Entries supplied:
---+---

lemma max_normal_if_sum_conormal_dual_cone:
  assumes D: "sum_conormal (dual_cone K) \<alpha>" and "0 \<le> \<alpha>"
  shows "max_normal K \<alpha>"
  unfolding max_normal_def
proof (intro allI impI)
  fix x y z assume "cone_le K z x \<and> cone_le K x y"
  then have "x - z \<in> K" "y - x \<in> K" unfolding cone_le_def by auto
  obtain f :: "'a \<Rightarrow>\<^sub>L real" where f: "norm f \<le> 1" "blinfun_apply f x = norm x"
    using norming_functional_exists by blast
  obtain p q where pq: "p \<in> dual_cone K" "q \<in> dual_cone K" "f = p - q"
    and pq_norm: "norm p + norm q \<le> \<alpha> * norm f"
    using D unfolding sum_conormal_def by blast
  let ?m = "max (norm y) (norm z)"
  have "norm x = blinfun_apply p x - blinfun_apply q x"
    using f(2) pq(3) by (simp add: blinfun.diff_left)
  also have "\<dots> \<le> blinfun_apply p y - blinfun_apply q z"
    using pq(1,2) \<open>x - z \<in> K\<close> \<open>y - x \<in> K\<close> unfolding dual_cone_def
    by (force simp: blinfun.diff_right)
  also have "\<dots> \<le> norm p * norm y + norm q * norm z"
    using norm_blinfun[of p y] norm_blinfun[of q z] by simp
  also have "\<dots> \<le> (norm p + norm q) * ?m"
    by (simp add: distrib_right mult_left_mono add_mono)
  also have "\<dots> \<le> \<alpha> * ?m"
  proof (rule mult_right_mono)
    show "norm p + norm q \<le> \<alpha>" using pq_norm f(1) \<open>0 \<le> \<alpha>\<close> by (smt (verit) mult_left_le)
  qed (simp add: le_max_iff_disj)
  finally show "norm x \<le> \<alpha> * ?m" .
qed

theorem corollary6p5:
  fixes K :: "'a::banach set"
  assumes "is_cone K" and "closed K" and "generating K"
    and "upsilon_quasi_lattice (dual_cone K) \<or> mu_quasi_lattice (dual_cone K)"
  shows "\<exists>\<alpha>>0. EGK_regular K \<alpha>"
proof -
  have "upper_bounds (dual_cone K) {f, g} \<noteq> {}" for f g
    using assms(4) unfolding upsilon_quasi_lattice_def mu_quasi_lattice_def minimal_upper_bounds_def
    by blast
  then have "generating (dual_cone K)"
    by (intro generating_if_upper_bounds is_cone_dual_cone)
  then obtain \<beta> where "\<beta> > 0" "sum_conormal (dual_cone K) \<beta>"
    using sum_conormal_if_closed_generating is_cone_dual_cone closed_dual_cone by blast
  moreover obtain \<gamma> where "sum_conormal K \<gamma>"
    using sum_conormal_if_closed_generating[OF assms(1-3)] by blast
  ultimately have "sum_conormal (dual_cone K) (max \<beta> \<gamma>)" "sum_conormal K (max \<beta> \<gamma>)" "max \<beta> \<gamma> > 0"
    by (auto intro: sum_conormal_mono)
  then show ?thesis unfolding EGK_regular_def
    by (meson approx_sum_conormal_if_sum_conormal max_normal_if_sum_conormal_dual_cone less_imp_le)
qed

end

---+---

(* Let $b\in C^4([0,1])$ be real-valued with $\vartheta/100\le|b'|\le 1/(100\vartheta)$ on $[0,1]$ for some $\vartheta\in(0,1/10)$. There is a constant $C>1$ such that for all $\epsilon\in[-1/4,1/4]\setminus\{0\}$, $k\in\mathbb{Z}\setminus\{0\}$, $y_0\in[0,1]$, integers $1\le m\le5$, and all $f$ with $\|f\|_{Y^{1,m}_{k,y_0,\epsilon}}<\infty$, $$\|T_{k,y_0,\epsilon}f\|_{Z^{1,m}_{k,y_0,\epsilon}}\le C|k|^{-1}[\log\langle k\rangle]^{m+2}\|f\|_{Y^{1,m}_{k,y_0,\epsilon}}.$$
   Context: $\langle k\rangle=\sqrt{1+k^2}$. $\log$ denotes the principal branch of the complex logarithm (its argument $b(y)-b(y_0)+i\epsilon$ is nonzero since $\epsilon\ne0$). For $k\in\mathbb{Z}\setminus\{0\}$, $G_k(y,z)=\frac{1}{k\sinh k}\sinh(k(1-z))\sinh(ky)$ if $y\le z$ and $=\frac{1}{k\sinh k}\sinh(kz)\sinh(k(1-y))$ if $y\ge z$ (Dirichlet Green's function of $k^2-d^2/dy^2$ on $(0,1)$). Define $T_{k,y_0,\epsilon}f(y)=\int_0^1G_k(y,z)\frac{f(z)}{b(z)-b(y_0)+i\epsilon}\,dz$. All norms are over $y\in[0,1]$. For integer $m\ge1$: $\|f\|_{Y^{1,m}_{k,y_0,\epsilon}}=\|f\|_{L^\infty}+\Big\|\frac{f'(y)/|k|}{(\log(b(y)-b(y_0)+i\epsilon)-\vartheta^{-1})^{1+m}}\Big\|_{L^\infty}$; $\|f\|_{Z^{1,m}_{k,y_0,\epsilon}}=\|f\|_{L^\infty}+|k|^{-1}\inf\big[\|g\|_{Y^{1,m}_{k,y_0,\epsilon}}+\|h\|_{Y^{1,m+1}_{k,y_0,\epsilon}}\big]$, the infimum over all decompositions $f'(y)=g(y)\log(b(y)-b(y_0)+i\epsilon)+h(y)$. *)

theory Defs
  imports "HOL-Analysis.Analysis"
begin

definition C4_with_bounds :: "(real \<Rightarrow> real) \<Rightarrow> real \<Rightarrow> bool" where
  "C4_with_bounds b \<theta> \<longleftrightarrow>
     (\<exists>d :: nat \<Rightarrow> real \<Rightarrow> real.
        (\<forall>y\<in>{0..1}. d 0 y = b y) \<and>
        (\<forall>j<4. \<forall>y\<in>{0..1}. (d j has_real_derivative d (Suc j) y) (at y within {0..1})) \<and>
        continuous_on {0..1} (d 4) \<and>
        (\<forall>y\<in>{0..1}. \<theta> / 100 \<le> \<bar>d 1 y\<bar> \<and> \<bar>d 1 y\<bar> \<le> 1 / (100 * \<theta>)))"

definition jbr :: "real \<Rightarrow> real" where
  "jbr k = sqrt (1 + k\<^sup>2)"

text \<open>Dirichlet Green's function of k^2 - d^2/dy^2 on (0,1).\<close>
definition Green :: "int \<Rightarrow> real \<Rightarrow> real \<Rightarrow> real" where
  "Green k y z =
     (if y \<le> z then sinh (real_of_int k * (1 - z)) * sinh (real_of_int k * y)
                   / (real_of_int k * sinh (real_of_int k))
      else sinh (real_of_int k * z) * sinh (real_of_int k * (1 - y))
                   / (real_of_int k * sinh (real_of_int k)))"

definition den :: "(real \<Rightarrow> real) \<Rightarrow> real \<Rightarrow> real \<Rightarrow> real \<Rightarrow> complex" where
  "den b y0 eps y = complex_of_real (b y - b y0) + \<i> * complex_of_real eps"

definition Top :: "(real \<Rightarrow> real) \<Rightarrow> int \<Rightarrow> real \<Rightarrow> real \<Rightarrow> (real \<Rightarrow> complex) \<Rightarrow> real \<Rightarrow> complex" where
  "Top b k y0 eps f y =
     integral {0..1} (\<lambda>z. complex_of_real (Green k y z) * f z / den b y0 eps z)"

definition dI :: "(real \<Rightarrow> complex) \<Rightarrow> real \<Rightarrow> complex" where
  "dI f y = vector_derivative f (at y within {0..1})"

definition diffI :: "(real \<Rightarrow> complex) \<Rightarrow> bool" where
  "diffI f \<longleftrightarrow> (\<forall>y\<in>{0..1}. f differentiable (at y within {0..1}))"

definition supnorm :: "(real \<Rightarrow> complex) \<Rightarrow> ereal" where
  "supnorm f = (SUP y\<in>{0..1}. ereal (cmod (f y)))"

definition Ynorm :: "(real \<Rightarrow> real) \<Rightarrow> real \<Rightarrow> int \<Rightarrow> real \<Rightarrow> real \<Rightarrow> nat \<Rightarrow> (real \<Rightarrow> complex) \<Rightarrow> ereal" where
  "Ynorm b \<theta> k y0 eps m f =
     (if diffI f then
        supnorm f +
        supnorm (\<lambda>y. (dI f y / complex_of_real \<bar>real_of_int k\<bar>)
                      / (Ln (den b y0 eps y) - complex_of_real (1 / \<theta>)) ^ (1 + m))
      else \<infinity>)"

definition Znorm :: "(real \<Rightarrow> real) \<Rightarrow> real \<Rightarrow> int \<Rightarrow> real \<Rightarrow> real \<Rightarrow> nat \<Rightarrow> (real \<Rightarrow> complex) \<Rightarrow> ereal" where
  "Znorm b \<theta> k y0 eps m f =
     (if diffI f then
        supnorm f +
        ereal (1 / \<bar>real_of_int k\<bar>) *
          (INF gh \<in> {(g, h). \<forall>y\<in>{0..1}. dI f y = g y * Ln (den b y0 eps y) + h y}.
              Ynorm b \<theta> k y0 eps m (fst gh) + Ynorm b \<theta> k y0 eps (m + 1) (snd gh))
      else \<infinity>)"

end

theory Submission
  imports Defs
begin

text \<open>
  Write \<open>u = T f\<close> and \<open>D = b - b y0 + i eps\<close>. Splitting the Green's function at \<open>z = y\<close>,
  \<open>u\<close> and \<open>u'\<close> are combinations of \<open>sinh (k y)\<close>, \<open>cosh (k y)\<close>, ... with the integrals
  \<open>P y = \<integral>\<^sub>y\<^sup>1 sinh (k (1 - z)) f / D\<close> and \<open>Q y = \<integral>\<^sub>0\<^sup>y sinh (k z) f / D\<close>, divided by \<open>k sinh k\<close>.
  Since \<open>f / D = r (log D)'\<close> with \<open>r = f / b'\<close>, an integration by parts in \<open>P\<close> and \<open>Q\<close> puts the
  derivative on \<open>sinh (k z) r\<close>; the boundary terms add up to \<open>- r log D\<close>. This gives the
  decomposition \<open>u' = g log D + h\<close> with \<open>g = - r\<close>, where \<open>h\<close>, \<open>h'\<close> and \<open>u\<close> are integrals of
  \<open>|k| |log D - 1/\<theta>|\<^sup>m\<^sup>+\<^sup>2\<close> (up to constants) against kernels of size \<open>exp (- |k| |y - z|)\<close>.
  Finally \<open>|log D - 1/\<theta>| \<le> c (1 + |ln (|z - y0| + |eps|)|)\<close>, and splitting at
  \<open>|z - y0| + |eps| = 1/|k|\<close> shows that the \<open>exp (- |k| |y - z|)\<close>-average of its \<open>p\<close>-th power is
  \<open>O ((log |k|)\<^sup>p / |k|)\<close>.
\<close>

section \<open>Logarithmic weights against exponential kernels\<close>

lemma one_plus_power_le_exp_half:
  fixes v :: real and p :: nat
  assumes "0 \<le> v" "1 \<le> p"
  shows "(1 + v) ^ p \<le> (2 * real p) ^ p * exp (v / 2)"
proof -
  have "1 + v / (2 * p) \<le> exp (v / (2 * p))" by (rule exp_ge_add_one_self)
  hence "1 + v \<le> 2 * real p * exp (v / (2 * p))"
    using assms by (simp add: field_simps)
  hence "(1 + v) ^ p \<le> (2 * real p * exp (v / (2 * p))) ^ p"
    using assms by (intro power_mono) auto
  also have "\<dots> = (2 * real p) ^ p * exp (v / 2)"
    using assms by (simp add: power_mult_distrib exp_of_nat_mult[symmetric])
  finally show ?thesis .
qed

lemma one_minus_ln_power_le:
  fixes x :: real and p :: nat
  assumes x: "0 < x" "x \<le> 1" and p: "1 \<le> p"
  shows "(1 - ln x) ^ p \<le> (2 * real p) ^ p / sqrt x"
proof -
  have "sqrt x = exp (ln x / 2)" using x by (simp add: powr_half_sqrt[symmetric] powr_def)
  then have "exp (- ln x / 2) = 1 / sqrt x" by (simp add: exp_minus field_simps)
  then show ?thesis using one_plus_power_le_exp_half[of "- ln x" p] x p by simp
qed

---+---

Task instructions: Copy every line above in which the string "blast" shows up.

Written response:
    using norming_functional_exists by blast
    using D unfolding sum_conormal_def by blast
    by blast
    using sum_conormal_if_closed_generating is_cone_dual_cone closed_dual_cone by blast
    using sum_conormal_if_closed_generating[OF assms(1-3)] by blast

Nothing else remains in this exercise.